(* Let $\gamma$ be an ordinal of $\mathrm{OT}$ and $A$ an $\mathcal L_{\mathrm R}^{<\gamma}$-sentence with $\mathsf{RR}^{+}_{<\gamma}\vdash A$. Then $\langle{\perp\!\!\!\perp},<\gamma\rangle\models A$ for every pole $\perp\!\!\!\perp$.
   Context: Arithmetic: $\mathcal{L}$ is the language of $\mathsf{PA}$ ($\to,\forall,=$, constant $0$, function symbols for all primitive recursive functions); $\langle x,y\rangle$ primitive recursive pairing with projections $(\cdot)_0,(\cdot)_1$; $x\cdot y\simeq z$ is $\exists w(\mathrm T_1(x,y,w)\wedge(w)_0=z)$ (Kleene T-predicate): the $x$-th partial recursive function on $y$ halts with output $z$; $\mathrm{Eq}(y,z)$: $y,z$ code closed $\mathcal L$-terms of equal value. Fixed Gödel numbering; $\ulcorner A(\dot x)\urcorner$ codes $A$ with the numeral of $x$ substituted. $\mathrm{OT}$ is a standard primitive recursive notation system for predicative ordinals; $\alpha,\beta,\gamma,\delta$ range over notations. $\mathcal L_{\mathrm R}^{<\gamma}$ is $\mathcal L$ plus unary $x\in{\perp\!\!\!\perp}$ and binary $x\,F_\beta\,y$, $x\,T_\beta\,y$ for $\beta<\gamma$; $\mathcal L_{\perp\!\!\!\perp}=\mathcal L\cup\{\in{\perp\!\!\!\perp}\}$; $\mathrm{Sent}^{<\beta}_{\mathrm R}(x)$: "$x$ codes an $\mathcal L_{\mathrm R}^{<\beta}$-sentence". Explicit refutation/realisation formulas, by recursion on $A$: $s\in\|P\|:=P\to s\in{\perp\!\!\!\perp}$ ($P$ atomic of $\mathcal L_{\perp\!\!\!\perp}$); $s\in\|t\,F_\beta\,u\|:=s\,F_\beta\,(t\,\dot\in\|u\|)$; $s\in\|t\,T_\beta\,u\|:=s\,F_\beta\,(t\,\dot\in|u|)$; $s\in\|A\to B\|:=(s)_0\in|A|\wedge(s)_1\in\|B\|$; $s\in\|\forall xA(x)\|:=(s)_1\in\|A((s)_0)\|$; $s\in|A|:=\forall a(a\in\|A\|\to\langle s,a\rangle\in{\perp\!\!\!\perp})$; $x\,\dot\in\|y\|$, $x\,\dot\in|y|$ are primitive recursive function symbols with $\mathsf{PA}\vdash x\,\dot\in\|\ulcorner A\urcorner\|=\ulcorner\dot x\in\|A\|\urcorner$, $x\,\dot\in|\ulcorner A\urcorner|=\ulcorner\dot x\in|A|\urcorner$ for sentences $A$, with non-sentence output when $y$ is not a sentence code. $\ulcorner\dot b\,F_\alpha\ulcorner A\urcorner\urcorner$ denotes the code of $\bar b\,F_\alpha\,\overline{\ulcorner A\urcorner}$ and $\ulcorner\dot b\in\|A\|\urcorner$ denotes $b\,\dot\in\|\ulcorner A\urcorner\|$ (similarly for $T_\alpha$, $|\cdot|$). $\mathsf{RR}_{<\gamma}$ is $\mathsf{PA}$ in $\mathcal L_{\mathrm R}^{<\gamma}$ plus, for all $\alpha<\beta<\gamma$: (RR1) $\mathrm T_1(a,b,c)\to((c)_0\in{\perp\!\!\!\perp}\to\langle a,b\rangle\in{\perp\!\!\!\perp})$; (RR2) $\forall\ulcorner A\urcorner\in\mathrm{Sent}^{<\beta}_{\mathrm R}.\ a\,T_\beta\ulcorner A\urcorner\leftrightarrow\forall b(b\,F_\beta\ulcorner A\urcorner\to\langle a,b\rangle\in{\perp\!\!\!\perp})$; (RR3) $\forall\ulcorner s\urcorner,\ulcorner t\urcorner\forall\ulcorner A_x\urcorner\in\mathrm{Sent}^{<\beta}_{\mathrm R}.\ \mathrm{Eq}(\ulcorner s\urcorner,\ulcorner t\urcorner)\to(a\,F_\beta\ulcorner A(s)\urcorner\to a\,F_\beta\ulcorner A(t)\urcorner)$; (RR4) $a\,F_\beta\ulcorner P(\dot{\vec x})\urcorner\leftrightarrow(P(\vec x)\to a\in{\perp\!\!\!\perp})$ for atomic $P$ of $\mathcal L_{\perp\!\!\!\perp}$; (RR5) $\forall\ulcorner A\urcorner,\ulcorner B\urcorner\in\mathrm{Sent}^{<\beta}_{\mathrm R}.\ a\,F_\beta\ulcorner A\to B\urcorner\leftrightarrow((a)_0\,T_\beta\ulcorner A\urcorner\wedge(a)_1\,F_\beta\ulcorner B\urcorner)$; (RR6) $\forall\ulcorner A_x\urcorner\in\mathrm{Sent}^{<\beta}_{\mathrm R}.\ a\,F_\beta\ulcorner\forall xA\urcorner\leftrightarrow(a)_1\,F_\beta\ulcorner A((\dot a)_0)\urcorner$; (RR7) $\forall\ulcorner A\urcorner\in\mathrm{Sent}^{<\alpha}_{\mathrm R}.\ a\,F_\beta\ulcorner\dot b\,F_\alpha\ulcorner A\urcorner\urcorner\leftrightarrow a\in\|b\,F_\alpha\ulcorner A\urcorner\|$; (RR8) same with $T_\alpha$; (RR9) $\forall\delta<\beta\,\forall\ulcorner A\urcorner\in\mathrm{Sent}^{<\delta}_{\mathrm R}.\ a\,F_\beta\ulcorner\dot b\,F_\delta\ulcorner A\urcorner\urcorner\leftrightarrow a\,F_\beta\ulcorner\dot b\in\|A\|\urcorner$; (RR10) $\forall\delta<\beta\,\forall\ulcorner A\urcorner\in\mathrm{Sent}^{<\delta}_{\mathrm R}.\ a\,F_\beta\ulcorner\dot b\,T_\delta\ulcorner A\urcorner\urcorner\leftrightarrow a\,F_\beta\ulcorner\dot b\in|A|\urcorner$. $\mathsf{RR}^{+}_{<\gamma}$ adds the rule: from $t\,T_\beta\ulcorner A\urcorner$ infer $A$ ($t$ closed term, $A$ an $\mathcal L$-sentence, $\beta<\gamma$). Models: a pole is $\perp\!\!\!\perp\subseteq\mathbb N$ with ($e\cdot m\simeq n$ and $n\in\perp\!\!\!\perp$) $\Rightarrow\langle e,m\rangle\in\perp\!\!\!\perp$. For $\mathcal L_{\mathrm R}^{<\gamma}$-sentences define $\|A\|^{<\gamma}_{\perp\!\!\!\perp}$ inductively: $n\in\|s=t\|$ iff ($s=t$ true in $\mathbb N$ implies $n\in\perp\!\!\!\perp$); $n\in\|m\in{\perp\!\!\!\perp}\|$ iff ($m\in\perp\!\!\!\perp$ implies $n\in\perp\!\!\!\perp$); $n\in\|m\,F_\beta\,l\|$ iff $l=\ulcorner A\urcorner$ for some $\mathcal L_{\mathrm R}^{<\beta}$-sentence $A$ and $n\in\|\bar m\in\|A\|\|$; $n\in\|m\,T_\beta\,l\|$ iff $l=\ulcorner A\urcorner$ for some $\mathcal L_{\mathrm R}^{<\beta}$-sentence $A$ and $n\in\|\bar m\in|A|\|$; $\|A\to B\|$, $\|\forall xA\|$ as in the explicit clauses; $|A|^{<\gamma}_{\perp\!\!\!\perp}=\{n:\forall m\in\|A\|\ \langle n,m\rangle\in\perp\!\!\!\perp\}$. Let $\mathbb F^\beta=\{(n,\ulcorner A\urcorner):A\in\mathrm{Sent}^{<\beta}_{\mathrm R},n\in\|A\|^{<\gamma}_{\perp\!\!\!\perp}\}$, $\mathbb T^\beta=\{(n,\ulcorner A\urcorner):A\in\mathrm{Sent}^{<\beta}_{\mathrm R},n\in|A|^{<\gamma}_{\perp\!\!\!\perp}\}$. $\langle{\perp\!\!\!\perp},<\gamma\rangle$ denotes the $\mathcal L_{\mathrm R}^{<\gamma}$-structure $\langle\mathbb N,\perp\!\!\!\perp,(\mathbb F^\beta)_{\beta<\gamma},(\mathbb T^\beta)_{\beta<\gamma}\rangle$. *)

theory Defs
  imports Main "HOL-Library.Nat_Bijection"
begin

section \<open>Primitive recursive function symbols (codes with explicit arities)\<close>

datatype pfn =
    PZ nat
  | PS
  | PProj nat nat
  | PComp nat pfn "pfn list"
  | PRec nat pfn pfn

definition hd0 :: "nat list \<Rightarrow> nat" where
  "hd0 xs = (case xs of [] \<Rightarrow> 0 | x # _ \<Rightarrow> x)"

definition nth0 :: "nat list \<Rightarrow> nat \<Rightarrow> nat" where
  "nth0 xs i = (if i < length xs then xs ! i else 0)"

primrec evalpr :: "pfn \<Rightarrow> nat list \<Rightarrow> nat" where
  "evalpr (PZ n) xs = 0"
| "evalpr PS xs = Suc (hd0 xs)"
| "evalpr (PProj n i) xs = nth0 xs i"
| "evalpr (PComp m f gs) xs = evalpr f (map (\<lambda>g. evalpr g xs) gs)"
| "evalpr (PRec n f g) xs =
     rec_nat (evalpr f (tl xs)) (\<lambda>k r. evalpr g (k # r # tl xs)) (hd0 xs)"

primrec arity :: "pfn \<Rightarrow> nat" where
  "arity (PZ n) = n"
| "arity PS = 1"
| "arity (PProj n i) = n"
| "arity (PComp m f gs) = m"
| "arity (PRec n f g) = Suc n"

fun wfpr :: "pfn \<Rightarrow> bool" where
  "wfpr (PZ n) = True"
| "wfpr PS = True"
| "wfpr (PProj n i) = (i < n)"
| "wfpr (PComp m f gs) =
     (wfpr f \<and> arity f = length gs \<and> (\<forall>g\<in>set gs. wfpr g \<and> arity g = m))"
| "wfpr (PRec n f g) = (wfpr f \<and> arity f = n \<and> wfpr g \<and> arity g = Suc (Suc n))"

definition wfc :: "pfn \<Rightarrow> nat \<Rightarrow> bool" where
  "wfc c n \<longleftrightarrow> wfpr c \<and> arity c = n"

section \<open>Syntax of L_R (de Bruijn indices for variables)\<close>

datatype tm = Var nat | Zero | App pfn "tm list"

datatype fm =
    FEq tm tm
  | Mem tm
  | Fp nat tm tm
  | Tp nat tm tm
  | Imp fm fm
  | All fm

abbreviation Sc :: "tm \<Rightarrow> tm" where "Sc t \<equiv> App PS [t]"

primrec num :: "nat \<Rightarrow> tm" where
  "num 0 = Zero"
| "num (Suc n) = Sc (num n)"

definition Fls :: fm where "Fls = FEq Zero (Sc Zero)"
definition Neg :: "fm \<Rightarrow> fm" where "Neg A = Imp A Fls"
definition And :: "fm \<Rightarrow> fm \<Rightarrow> fm" where "And A B = Neg (Imp A (Neg B))"
definition Iff :: "fm \<Rightarrow> fm \<Rightarrow> fm" where "Iff A B = And (Imp A B) (Imp B A)"

primrec tsub :: "(nat \<Rightarrow> tm) \<Rightarrow> tm \<Rightarrow> tm" where
  "tsub \<sigma> (Var i) = \<sigma> i"
| "tsub \<sigma> Zero = Zero"
| "tsub \<sigma> (App f ts) = App f (map (tsub \<sigma>) ts)"

definition liftt :: "tm \<Rightarrow> tm" where "liftt t = tsub (\<lambda>j. Var (Suc j)) t"

definition scons :: "tm \<Rightarrow> (nat \<Rightarrow> tm) \<Rightarrow> nat \<Rightarrow> tm" where
  "scons u \<sigma> j = (case j of 0 \<Rightarrow> u | Suc k \<Rightarrow> \<sigma> k)"

definition up :: "(nat \<Rightarrow> tm) \<Rightarrow> nat \<Rightarrow> tm" where
  "up \<sigma> = scons (Var 0) (liftt \<circ> \<sigma>)"

primrec fsub :: "(nat \<Rightarrow> tm) \<Rightarrow> fm \<Rightarrow> fm" where
  "fsub \<sigma> (FEq s t) = FEq (tsub \<sigma> s) (tsub \<sigma> t)"
| "fsub \<sigma> (Mem t) = Mem (tsub \<sigma> t)"
| "fsub \<sigma> (Fp b s t) = Fp b (tsub \<sigma> s) (tsub \<sigma> t)"
| "fsub \<sigma> (Tp b s t) = Tp b (tsub \<sigma> s) (tsub \<sigma> t)"
| "fsub \<sigma> (Imp A B) = Imp (fsub \<sigma> A) (fsub \<sigma> B)"
| "fsub \<sigma> (All A) = All (fsub (up \<sigma>) A)"

text \<open>Instantiate variable 0 by u (other free variables are shifted down by one).\<close>
definition subst0 :: "tm \<Rightarrow> fm \<Rightarrow> fm" where "subst0 u A = fsub (scons u Var) A"

definition liftf :: "fm \<Rightarrow> fm" where "liftf A = fsub (\<lambda>j. Var (Suc j)) A"

fun clt :: "nat \<Rightarrow> tm \<Rightarrow> bool" where
  "clt k (Var i) = (i < k)"
| "clt k Zero = True"
| "clt k (App f ts) = (\<forall>t\<in>set ts. clt k t)"

primrec clf :: "nat \<Rightarrow> fm \<Rightarrow> bool" where
  "clf k (FEq s t) = (clt k s \<and> clt k t)"
| "clf k (Mem t) = clt k t"
| "clf k (Fp b s t) = (clt k s \<and> clt k t)"
| "clf k (Tp b s t) = (clt k s \<and> clt k t)"
| "clf k (Imp A B) = (clf k A \<and> clf k B)"
| "clf k (All A) = clf (Suc k) A"

fun wft :: "tm \<Rightarrow> bool" where
  "wft (Var i) = True"
| "wft Zero = True"
| "wft (App f ts) = (wfpr f \<and> arity f = length ts \<and> (\<forall>t\<in>set ts. wft t))"

primrec wffs :: "fm \<Rightarrow> bool" where
  "wffs (FEq s t) = (wft s \<and> wft t)"
| "wffs (Mem t) = wft t"
| "wffs (Fp b s t) = (wft s \<and> wft t)"
| "wffs (Tp b s t) = (wft s \<and> wft t)"
| "wffs (Imp A B) = (wffs A \<and> wffs B)"
| "wffs (All A) = wffs A"

primrec idx :: "fm \<Rightarrow> nat set" where
  "idx (FEq s t) = {}"
| "idx (Mem t) = {}"
| "idx (Fp b s t) = {b}"
| "idx (Tp b s t) = {b}"
| "idx (Imp A B) = idx A \<union> idx B"
| "idx (All A) = idx A"

primrec pureL :: "fm \<Rightarrow> bool" where
  "pureL (FEq s t) = True"
| "pureL (Mem t) = False"
| "pureL (Fp b s t) = False"
| "pureL (Tp b s t) = False"
| "pureL (Imp A B) = (pureL A \<and> pureL B)"
| "pureL (All A) = pureL A"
++++++++++++++++++++
Task instructions: Each line above that includes "fsub" should be shown.

Output of the exercise:
primrec fsub :: "(nat \<Rightarrow> tm) \<Rightarrow> fm \<Rightarrow> fm" where
  "fsub \<sigma> (FEq s t) = FEq (tsub \<sigma> s) (tsub \<sigma> t)"
| "fsub \<sigma> (Mem t) = Mem (tsub \<sigma> t)"
| "fsub \<sigma> (Fp b s t) = Fp b (tsub \<sigma> s) (tsub \<sigma> t)"
| "fsub \<sigma> (Tp b s t) = Tp b (tsub \<sigma> s) (tsub \<sigma> t)"
| "fsub \<sigma> (Imp A B) = Imp (fsub \<sigma> A) (fsub \<sigma> B)"
| "fsub \<sigma> (All A) = All (fsub (up \<sigma>) A)"
definition subst0 :: "tm \<Rightarrow> fm \<Rightarrow> fm" where "subst0 u A = fsub (scons u Var) A"
definition liftf :: "fm \<Rightarrow> fm" where "liftf A = fsub (\<lambda>j. Var (Suc j)) A"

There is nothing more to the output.